Foreign Trusts and Legal Risks

TaxConnections Blogger Virginia La Torre Jeker writes about offshre trusts
Introduction –

The purpose of this section is to provide a cursory view of foreign trusts and financial planning, the emphasis of which is asset protection from judgments. The basic taxation regime of a foreign trust can be reviewed in a previous writing, Income Taxation of Foreign Trusts and Beneficiaries, TaxConnections, November 25, 2013.

The focus here is the treatment by the United States taxing authority upon a foreign trust pertaining to the tax consequences subsequent to transfer. The points of relevance are the income tax treatment to the Settlor, beneficiary, and trust and the consequential use of the foreign trust to accomplish other objectives.

A hypothetical backdrop for illustration of principles would be in this factual setting. A United States Settlor establishes a foreign trust in an Offshore Financial Center and an independent trustee is designated in that declaration of trust. The Settlor relinquishes complete dominion and control over all assets transferred to the foreign trust. The terms of the trust estate are that it is irrevocable and the Settlor thus is prohibited to alter or amend the terms of the trust, beneficiaries, or trustee; an absolute release of dominion and control as interpreted in conformity with United States gift and estate provisions. The two beneficiaries are the children or issue of the Settlor. The independent trustee has the discretion to distribute the trust net income or accumulate it. Each beneficiary is granted a special power of appointment over his or her separate share interest of corpus upon death.
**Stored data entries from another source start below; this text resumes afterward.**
lemma limit_sequence_escapes:
  assumes g: "\<And>n. g n \<in> \<Gamma>" "\<And>n. hat H (g n x0) \<noteq> p" "(\<lambda>n. hat H (g n x0)) \<longlonglongrightarrow> p"
  shows "\<forall>\<^sub>F n in sequentially. \<exists>c\<in>D. K < norm (g n c)"
proof -
  let ?F = "{w \<in> \<Gamma>. \<forall>c\<in>D. norm (w c) \<le> K}"
  have "\<forall>\<^sub>F n in sequentially. g n \<noteq> w" if "w \<in> ?F" for w
  proof (cases "hat H (w x0) = p")
    case True
    then show ?thesis
      using g(2) by (auto intro: always_eventually)
  next
    case False
    then have "\<forall>\<^sub>F n in sequentially. hat H (g n x0) \<noteq> hat H (w x0)"
      using g(3) by (intro tendsto_imp_eventually_ne) auto
    then show ?thesis
      by (rule eventually_mono) auto
  qed
  then have "\<forall>\<^sub>F n in sequentially. \<forall>w\<in>?F. g n \<noteq> w"
    by (rule eventually_ball_finite[OF finite_refl_group_bounded, rule_format])
  then show ?thesis
  proof (rule eventually_mono)
    fix n assume "\<forall>w\<in>?F. g n \<noteq> w"
    then have "g n \<notin> ?F"
      by blast
    then show "\<exists>c\<in>D. K < norm (g n c)"
      using g(1)[of n] by (auto simp: not_le)
  qed
qed

lemma limit_set_subset_closure_gasket: "\<Lambda> \<subseteq> closure gasket"
proof
  fix p assume "p \<in> \<Lambda>"
  then obtain g where g: "\<And>n. g n \<in> \<Gamma>" "\<And>n. hat H (g n x0) \<noteq> p" "(\<lambda>n. hat H (g n x0)) \<longlonglongrightarrow> p"
    unfolding limit_set_iff by blast
  obtain r a b where r: "strict_mono r" and b: "b \<noteq> 0" "B b b = 0"
    and attract: "\<And>y. B y b \<noteq> 0 \<Longrightarrow> (\<lambda>n. hat H (g (r n) y)) \<longlonglongrightarrow> a"
  proof (rule escaping_sequence_attracts[OF g(1)])
    show "\<forall>\<^sub>F n in sequentially. \<exists>c\<in>D. K < norm (g n c)" for K
      using g by (rule limit_sequence_escapes)
  qed blast
  have "(\<lambda>n. hat H (g (r n) x0)) \<longlonglongrightarrow> p"
    using LIMSEQ_subseq_LIMSEQ[OF g(3) r] by (simp add: o_def)
  moreover have "(\<lambda>n. hat H (g (r n) x0)) \<longlonglongrightarrow> a"
    using timelike_not_orthogonal_null[OF x0_timelike b(2,1)] by (rule attract)
  ultimately have "a = p"
    by (rule LIMSEQ_unique[rotated])
  obtain q c where q: "q \<in> face_circle c" "c \<in> D" "B q b \<noteq> 0"
    by (rule face_circle_point_not_orthogonal[OF b])
  have "hat H (g (r n) q) \<in> gasket" for n
    by (rule UN_I[OF g(1)], rule imageI, rule UN_I[OF q(2)], rule q(1))
  moreover have "(\<lambda>n. hat H (g (r n) q)) \<longlonglongrightarrow> p"
    using attract[OF q(3)] \<open>a = p\<close> by simp
  ultimately show "p \<in> closure gasket"
    unfolding closure_sequential by (intro exI[of _ "\<lambda>n. hat H (g (r n) q)"]) simp
qed
definition covering_radius_sub ::
  "'a::field itself \<Rightarrow> nat \<Rightarrow> nat \<Rightarrow> (nat \<Rightarrow> 'a) set set \<Rightarrow> nat" where
  "covering_radius_sub T n r C = Max ((\<lambda>U. Min ((\<lambda>c. dI U c) ` C)) ` Grass T n r)"

definition K_C :: "'a::field itself \<Rightarrow> nat \<Rightarrow> nat \<Rightarrow> nat \<Rightarrow> nat" where
  "K_C T n r \<rho> = Inf {card C | C. C \<subseteq> Grass T n r \<and> C \<noteq> {} \<and>
      covering_radius_sub T n r C \<le> \<rho>}"

definition mats :: "'a::field itself \<Rightarrow> nat \<Rightarrow> nat \<Rightarrow> (nat \<Rightarrow> nat \<Rightarrow> 'a) set" where
  "mats T m N = {M. \<forall>i j. (m \<le> i \<or> N \<le> j) \<longrightarrow> M i j = 0}"

definition mrank :: "nat \<Rightarrow> (nat \<Rightarrow> nat \<Rightarrow> 'a::field) \<Rightarrow> nat" where
  "mrank N M = vdim ((\<lambda>j. \<lambda>i. M i j) ` {..<N})"

definition dR :: "nat \<Rightarrow> (nat \<Rightarrow> nat \<Rightarrow> 'a::field) \<Rightarrow> (nat \<Rightarrow> nat \<Rightarrow> 'a) \<Rightarrow> nat" where
  "dR N C D = mrank N (C - D)"

definition K_R :: "'a::field itself \<Rightarrow> nat \<Rightarrow> nat \<Rightarrow> nat \<Rightarrow> nat" where
  "K_R T m N \<rho> = Inf {card C | C. C \<subseteq> mats T m N \<and>
      (\<forall>M\<in>mats T m N. \<exists>D\<in>C. dR N M D \<le> \<rho>)}"

end

theory Submission
  imports Defs
begin

text \<open>Every r-dimensional subspace U of GF(q)^n has an information set: r coordinates S on which
  the projection of U is bijective. Hence U is the row space of a generator matrix that is the
  identity on S and some (n-r) x r matrix A (transposed) on the other coordinates. Replacing A
  by the nearest codeword D of a rank-metric covering code of radius \<rho> gives a subspace V with
  V \<subseteq> U + (column space of A - D), so dim (U + V) - r \<le> rk (A - D) \<le> \<rho>. Ranging over all
  n choose r sets S and all codewords D yields the covering code.\<close>

interpretation fv: vector_space "fscale :: 'a::field \<Rightarrow> (nat \<Rightarrow> 'a) \<Rightarrow> (nat \<Rightarrow> 'a)"
  by unfold_locales (auto simp: fscale_def fun_eq_iff algebra_simps)

lemma fscale_apply [simp]: "fscale c v i = c * v i"
  by (simp add: fscale_def)

lemma sum_fun_apply: "(sum f A) x = (\<Sum>a\<in>A. f a x)"
  by (induction A rule: infinite_finite_induct) auto

context vector_space
begin

lemma dim_Un_le_if_subset_span:
  assumes "finite U" "finite W" "V \<subseteq> span (U \<union> W)"
  shows "dim (U \<union> V) \<le> dim U + dim W"
proof -
  obtain BU where BU: "BU \<subseteq> U" "independent BU" "U \<subseteq> span BU" "card BU = dim U"
    by (rule basis_exists)
  obtain BW where BW: "BW \<subseteq> W" "independent BW" "W \<subseteq> span BW" "card BW = dim W"
    by (rule basis_exists)
  have "U \<union> W \<subseteq> span (BU \<union> BW)"
    using BU(3) BW(3) span_mono[of BU "BU \<union> BW"] span_mono[of BW "BU \<union> BW"] by auto
  then have "span (U \<union> W) \<subseteq> span (BU \<union> BW)"
    by (rule span_minimal[OF _ subspace_span])
  then have "U \<union> V \<subseteq> span (BU \<union> BW)"
    using assms(3) \<open>U \<union> W \<subseteq> span (BU \<union> BW)\<close> by blast
  moreover have "finite (BU \<union> BW)"
    using assms(1,2) BU(1) BW(1) finite_subset by blast
  ultimately have "dim (U \<union> V) \<le> card (BU \<union> BW)"
    by (rule dim_le_card)
  also have "\<dots> \<le> dim U + dim W"
    using card_Un_le[of BU BW] BU(4) BW(4) by simp
  finally show ?thesis .
qed

lemma dim_linear_image_le:
  assumes "Vector_Spaces.linear scale scale f" "finite X"
  shows "dim (f ` X) \<le> dim X"
proof -
  obtain B where B: "B \<subseteq> X" "independent B" "X \<subseteq> span B" "card B = dim X"
    by (rule basis_exists)
  have "f ` X \<subseteq> span (f ` B)"
    using module_hom.spans_image[OF assms(1)[unfolded linear_iff_module_hom] B(3)] .
  moreover have "finite B"
    using assms(2) B(1) finite_subset by blast
  ultimately have "dim (f ` X) \<le> card (f ` B)"
    by (intro dim_le_card) auto
  also have "\<dots> \<le> dim X"
    using card_image_le[OF \<open>finite B\<close>, of f] B(4) by simp
  finally show ?thesis .
qed

end

lemma finite_vecs: "finite (vecs TYPE('a::{finite,field}) n)"
proof -
  have "vecs TYPE('a) n = {f. \<forall>x. (x \<in> {..<n} \<longrightarrow> f x \<in> (UNIV::'a set)) \<and> (x \<notin> {..<n} \<longrightarrow> f x = 0)}"
    by (auto simp: vecs_def)
  then show ?thesis using finite_set_of_finite_funs[of "{..<n}" "UNIV::'a set" 0] by simp
qed

lemma subspace_vecs: "fv.subspace (vecs TYPE('a::field) n)"
  by (auto simp: fv.subspace_def vecs_def)

lemma finite_Grass: "finite (Grass TYPE('a::{finite,field}) n r)"
  by (rule finite_subset[of _ "Pow (vecs TYPE('a) n)"]) (auto simp: Grass_def finite_vecs)

lemma subsum_eq_span_Un:
  assumes "fv.subspace U" "fv.subspace V"
  shows "subsum U V = fv.span (U \<union> V)"
  using assms unfolding subsum_def fv.span_Un by (simp add: fv.span_eq_iff[THEN iffD2])

definition unit_vec :: "nat \<Rightarrow> nat \<Rightarrow> 'a::field" where
  "unit_vec i = (\<lambda>j. if j = i then 1 else 0)"

lemma unit_vec_in_vecs: "i < n \<Longrightarrow> unit_vec i \<in> vecs TYPE('a::field) n"
  by (simp add: unit_vec_def vecs_def)

lemma sum_unit_vec_expansion:
  assumes "finite I" "\<And>i. i \<notin> I \<Longrightarrow> w i = 0"
  shows "(\<Sum>i\<in>I. fscale (w i) (unit_vec i)) = w"
  using assms by (auto simp: fun_eq_iff sum_fun_apply unit_vec_def if_distrib cong: if_cong)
Section 679 Taxation of Settlor

A United States Settlor of an irrevocable foreign trust that has a United States beneficiary is deemed to be the owner of the foreign trust with respect to the application of United States income taxation. Subject to statutory exceptions, the Settlor is the taxable party regardless of whether the Settlor has released all dominion and control of the trust assets by an irrevocable transfer, the right to alter, amend, and modify the trust document. This is the income tax treatment of a United States Settlor by virtue of Section 679 of the Code. (1) Because the Settlor is deemed the owner of the trust assets, the transfer of appreciated assets to a foreign trust does not occasion a taxable event as contemplated by Section 684 of the Code. (2)

There are conditions that must be present when Section 679 is applicable to subject a Settlor to the income tax upon a foreign trust’s income. It first must be a foreign trust by definition. Secondly it shall be established that the trust has a United States beneficiary. The transferor of assets, the Settlor in this instance, must be a United States person. Lastly the transferor must have made either a direct or indirect transfer of property to the trust. (3)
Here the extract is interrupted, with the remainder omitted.